Your response should consist of one number, the count of lines below that contain "center".
───── Data for this task
(* Let $\mathcal{B}$ be a prime Banach algebra over $\mathbb{R}$ or $\mathbb{C}$, and let $\mathcal{H}_1,\mathcal{H}_2$ be non-empty open subsets of $\mathcal{B}$. Suppose $\mathcal{B}$ admits a continuous generalized derivation $F$ associated with a derivation $d$ that is not injective, such that for every $(x,y)\in\mathcal{H}_1\times\mathcal{H}_2$ there exist positive integers $p=p(x,y)$, $q=q(x,y)$ with $$F(x^{p}y^{q})+x^{p}\circ y^{q}\in Z(\mathcal{B}).$$ Then $\mathcal{B}$ is commutative or $d(Z(\mathcal{B}))=\{0\}$.
   Context: $Z(\mathcal{B})$ denotes the center of $\mathcal{B}$. For $x,y\in\mathcal{B}$, $x\circ y=xy+yx$ and $[x,y]=xy-yx$. $\mathcal{B}$ is prime if $x\mathcal{B}y=\{0\}$ implies $x=0$ or $y=0$. A derivation is an additive map $d:\mathcal{B}\to\mathcal{B}$ with $d(xy)=d(x)y+xd(y)$ for all $x,y$. A generalized derivation associated with the derivation $d$ is an additive map $F:\mathcal{B}\to\mathcal{B}$ with $F(xy)=F(x)y+xd(y)$ for all $x,y\in\mathcal{B}$. *)

theory Defs
  imports "HOL-Analysis.Analysis"
begin

definition center :: "'a::ring set" where
  "center = {z. \<forall>x. z * x = x * z}"

definition jordan_prod :: "'a::ring \<Rightarrow> 'a \<Rightarrow> 'a" (infixl "\<circ>\<^sub>J" 70) where
  "x \<circ>\<^sub>J y = x * y + y * x"

definition prime_ring :: "'a::ring itself \<Rightarrow> bool" where
  "prime_ring _ \<longleftrightarrow> (\<forall>x y::'a. (\<forall>r. x * r * y = 0) \<longrightarrow> x = 0 \<or> y = 0)"

definition is_derivation :: "('a::ring \<Rightarrow> 'a) \<Rightarrow> bool" where
  "is_derivation d \<longleftrightarrow> (\<forall>x y. d (x + y) = d x + d y) \<and>
                          (\<forall>x y. d (x * y) = d x * y + x * d y)"

definition is_gen_derivation :: "('a::ring \<Rightarrow> 'a) \<Rightarrow> ('a \<Rightarrow> 'a) \<Rightarrow> bool" where
  "is_gen_derivation F d \<longleftrightarrow> is_derivation d \<and> (\<forall>x y. F (x + y) = F x + F y) \<and>
                          (\<forall>x y. F (x * y) = F x * y + x * d y)"

text \<open>Positive powers in a possibly non-unital ring: ppow x n = x^(n+1).\<close>
primrec ppow :: "'a::ring \<Rightarrow> nat \<Rightarrow> 'a" where
  "ppow x 0 = x"
| "ppow x (Suc n) = x * ppow x n"

end

theory Submission
  imports Defs
begin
──────────
Output: 3